If an infection is suspected, steroids should not be prescribed.15 All presented cases are believed to be immunological in nature, specifically as all injected areas were affected simultaneously, except in cases 3 and 5 discussed below. In the event of infection, symptoms would be localized or restricted to a discrete area. Moreover, at presentation, the patients were systemically well and had been asymptomatic in the injection area for months between the last treatment and reaction onset. Even the associated lump reported in patient 4 was hard and nonfluctuant and atypical of infection.7 Therefore, there was no need for an empirical antibiotic treatment.
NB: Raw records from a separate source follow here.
lemma card_avoiding_two_linear_zeros:
  fixes p c d c' d' :: int
  assumes p: "prime p" and c: "\<not> p dvd c" and c': "\<not> p dvd c'"
  shows "int (card {y\<in>{0..<p}. \<not> p dvd c * y + d \<and> \<not> p dvd c' * y + d'}) =
           (if p dvd c * d' - c' * d then p - 1 else p - 2)"
proof -
  obtain r where r: "r \<in> {0..<p}" "\<And>y. p dvd c * y + d \<longleftrightarrow> [y = r] (mod p)"
    using linear_zero_mod_prime[OF p c] by metis
  obtain r' where r': "r' \<in> {0..<p}" "\<And>y. p dvd c' * y + d' \<longleftrightarrow> [y = r'] (mod p)"
    using linear_zero_mod_prime[OF p c'] by metis
  have set_eq: "{y\<in>{0..<p}. \<not> p dvd c * y + d \<and> \<not> p dvd c' * y + d'} = {0..<p} - {r, r'}"
    using r r' cong_residues_iff_eq by auto
  have "c * (c' * r + d') = c' * (c * r + d) + (c * d' - c' * d)"
    by (simp add: algebra_simps)
  moreover have "p dvd c' * (c * r + d)"
    using r by simp
  ultimately have "p dvd c * (c' * r + d') \<longleftrightarrow> p dvd c * d' - c' * d"
    by (simp add: dvd_add_right_iff)
  moreover have "p dvd c * (c' * r + d') \<longleftrightarrow> r = r'"
    using p c r r' cong_residues_iff_eq by (simp add: prime_dvd_mult_iff)
  ultimately have "r = r' \<longleftrightarrow> p dvd c * d' - c' * d"
    by simp
  moreover have "card ({0..<p} - {r, r'}) = nat p - card {r, r'}"
    using r r' by (subst card_Diff_subset) auto
  moreover have "p > 1"
    using p prime_gt_1_int by blast
  ultimately show ?thesis
    unfolding set_eq by (cases "r = r'") auto
qed

lemma prime_gt_3_not_dvd:
  fixes p :: int
  assumes "prime p" "p > 3"
  shows "\<not> p dvd 2" "\<not> p dvd 3"
  using assms zdvd_imp_le[of p 2] zdvd_imp_le[of p 3] by auto

lemma roots_of_unity_mod_prime_eq:
  fixes n k :: nat
  assumes n: "prime n" and k: "k > 0"
  shows "{x\<in>{1..<n}. [x ^ k = 1] (mod n)} = {x\<in>{..<n}. [x ^ gcd k (n - 1) = 1] (mod n)}"
proof (intro equalityI subsetI)
  fix x assume "x \<in> {x\<in>{1..<n}. [x ^ k = 1] (mod n)}"
  then have x: "x < n" "ord n x dvd k"
    by (auto simp: ord_divides')
  then have "coprime n x"
    using k ord_eq_0 by fastforce
  then have "ord n x dvd n - 1"
    using order_divides_totient totient_prime n by metis
  with x show "x \<in> {x\<in>{..<n}. [x ^ gcd k (n - 1) = 1] (mod n)}"
    by (simp add: ord_divides')
next
  fix x assume "x \<in> {x\<in>{..<n}. [x ^ gcd k (n - 1) = 1] (mod n)}"
  then have x: "x < n" "[x ^ k = 1] (mod n)"
    using dvd_trans[of "ord n x" "gcd k (n - 1)" k] by (auto simp: ord_divides')
  moreover have "x \<noteq> 0"
    using x k prime_gt_1_nat[OF n] by (cases "x = 0") (auto simp: cong_def power_0_left)
  ultimately show "x \<in> {x\<in>{1..<n}. [x ^ k = 1] (mod n)}"
    by auto
qed
text \<open>Sequents Gamma => Delta with finite sets of formulas.  Eigenvariable conditions are
  handled de Bruijn style by lifting the side formulas.\<close>
inductive pask :: "fm set \<Rightarrow> fm set \<Rightarrow> bool" where
  init: "pask {\<phi>} {\<phi>}"
| weak: "pask \<Gamma> \<Delta> \<Longrightarrow> \<Gamma> \<subseteq> \<Gamma>' \<Longrightarrow> \<Delta> \<subseteq> \<Delta>' \<Longrightarrow> finite \<Gamma>' \<Longrightarrow> finite \<Delta>' \<Longrightarrow> pask \<Gamma>' \<Delta>'"
| cut: "pask \<Gamma> (insert \<phi> \<Delta>) \<Longrightarrow> pask (insert \<phi> \<Gamma>) \<Delta> \<Longrightarrow> pask \<Gamma> \<Delta>"
| negL: "pask \<Gamma> (insert \<phi> \<Delta>) \<Longrightarrow> pask (insert (neg \<phi>) \<Gamma>) \<Delta>"
| andL: "pask (insert \<phi> (insert \<psi> \<Gamma>)) \<Delta> \<Longrightarrow> pask (insert (And \<phi> \<psi>) \<Gamma>) \<Delta>"
| andR: "pask \<Gamma> (insert \<phi> \<Delta>) \<Longrightarrow> pask \<Gamma> (insert \<psi> \<Delta>) \<Longrightarrow> pask \<Gamma> (insert (And \<phi> \<psi>) \<Delta>)"
| orL: "pask (insert \<phi> \<Gamma>) \<Delta> \<Longrightarrow> pask (insert \<psi> \<Gamma>) \<Delta> \<Longrightarrow> pask (insert (Or \<phi> \<psi>) \<Gamma>) \<Delta>"
| orR: "pask \<Gamma> (insert \<phi> (insert \<psi> \<Delta>)) \<Longrightarrow> pask \<Gamma> (insert (Or \<phi> \<psi>) \<Delta>)"
| allL: "pask (insert (inst \<phi> t) \<Gamma>) \<Delta> \<Longrightarrow> pask (insert (All \<phi>) \<Gamma>) \<Delta>"
| allR: "pask (liftf ` \<Gamma>) (insert \<phi> (liftf ` \<Delta>)) \<Longrightarrow> pask \<Gamma> (insert (All \<phi>) \<Delta>)"
| exL: "pask (insert \<phi> (liftf ` \<Gamma>)) (liftf ` \<Delta>) \<Longrightarrow> pask (insert (Ex \<phi>) \<Gamma>) \<Delta>"
| exR: "pask \<Gamma> (insert (inst \<phi> t) \<Delta>) \<Longrightarrow> pask \<Gamma> (insert (Ex \<phi>) \<Delta>)"
| refl: "pask {} {Eq t t}"
| repl: "pask \<Gamma> (insert (inst \<phi> t) \<Delta>) \<Longrightarrow> pask \<Gamma> (insert (Neq s t) (insert (inst \<phi> s) \<Delta>))"
| pa1: "pask {} {Neq (Sc s) Zero}"
| pa2: "pask {Eq (Sc s) (Sc t)} {Eq s t}"
| pa3: "pask {} {Eq (Plus s Zero) s}"
| pa4: "pask {} {Eq (Plus s (Sc t)) (Sc (Plus s t))}"
| pa5: "pask {} {Eq (Times s Zero) Zero}"
| pa6: "pask {} {Eq (Times s (Sc t)) (Plus (Times s t) s)}"
| ind: "pask (insert \<phi> (liftf ` \<Gamma>)) (insert (succ_inst \<phi>) (liftf ` \<Delta>)) \<Longrightarrow>
        pask (insert (inst \<phi> Zero) \<Gamma>) (insert (inst \<phi> t) \<Delta>)"

definition base_paradoxical :: "fm \<Rightarrow> bool" where
  "base_paradoxical \<phi> \<longleftrightarrow> sentence \<phi> \<and>
     pask {\<phi>} {neg (Tr (gn \<phi>))} \<and> pask {neg (Tr (gn \<phi>))} {\<phi>} \<and>
     pask {neg \<phi>} {Tr (gn \<phi>)} \<and> pask {Tr (gn \<phi>)} {neg \<phi>}"

definition Pi_par :: "fm \<Rightarrow> bool" where
  "Pi_par \<phi> \<longleftrightarrow> base_paradoxical \<phi> \<or> base_paradoxical (neg \<phi>)"

text \<open>A partial model is ((T+, T-), (P+, P-)).\<close>
type_synonym pmodel = "(nat set \<times> nat set) \<times> (nat set \<times> nat set)"

definition Tp :: "pmodel \<Rightarrow> nat set" where "Tp M = fst (fst M)"
definition Tn :: "pmodel \<Rightarrow> nat set" where "Tn M = snd (fst M)"
definition Pp :: "pmodel \<Rightarrow> nat set" where "Pp M = fst (snd M)"
definition Pn :: "pmodel \<Rightarrow> nat set" where "Pn M = snd (snd M)"

primrec fsize :: "fm \<Rightarrow> nat" where
  "fsize (Eq s t) = 0"
| "fsize (Neq s t) = 0"
| "fsize (Tr t) = 0"
| "fsize (NTr t) = 0"
| "fsize (Pr t) = 0"
| "fsize (NPr t) = 0"
| "fsize (And a b) = Suc (fsize a + fsize b)"
| "fsize (Or a b) = Suc (fsize a + fsize b)"
| "fsize (All a) = Suc (fsize a)"
| "fsize (Ex a) = Suc (fsize a)"

lemma fsize_substf [simp]: "fsize (substf \<sigma> \<phi>) = fsize \<phi>"
  by (induction \<phi> arbitrary: \<sigma>) auto

lemma fsize_inst [simp]: "fsize (inst \<phi> t) = fsize \<phi>"
  by (simp add: inst_def)

text \<open>Strong Kleene satisfaction (intended for sentences); quantifiers via numeral instances.\<close>
function sk :: "pmodel \<Rightarrow> fm \<Rightarrow> bool" where
  "sk M (Eq s t) = (val s = val t)"
| "sk M (Neq s t) = (val s \<noteq> val t)"
| "sk M (Tr t) = (val t \<in> Tp M)"
| "sk M (NTr t) = (val t \<in> Tn M)"
| "sk M (Pr t) = (val t \<in> Pp M)"
| "sk M (NPr t) = (val t \<in> Pn M)"
| "sk M (And a b) = (sk M a \<and> sk M b)"
| "sk M (Or a b) = (sk M a \<or> sk M b)"
| "sk M (All a) = (\<forall>n. sk M (inst a (num n)))"
| "sk M (Ex a) = (\<exists>n. sk M (inst a (num n)))"
  by pat_completeness auto
termination
  by (relation "measure (\<lambda>(M, \<phi>). fsize \<phi>)") auto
Microbiological analysis for detection of a quiescent biofilm was not performed.
Delayed type IV hypersensitivity following HA implantation is the most likely explanation of the observed late-onset events. This rare systemic response is initiated by T lymphocytes and mediated by CD4+ cells. The reaction manifests as a persistent facial edema in the treated area, at times accompanied by inflammatory nodules.4,5,16 A foreign body granuloma can be suspected in patient 4 due to the presence of a nonfluctuant lump. Based on data from early 2000s, the rates of delayed hypersensitivity vary between 0.02% and 4%.17–19 As the number of fillers, performed procedures, and the associated complications have increased in the last decade,9 a newer estimate would be of interest.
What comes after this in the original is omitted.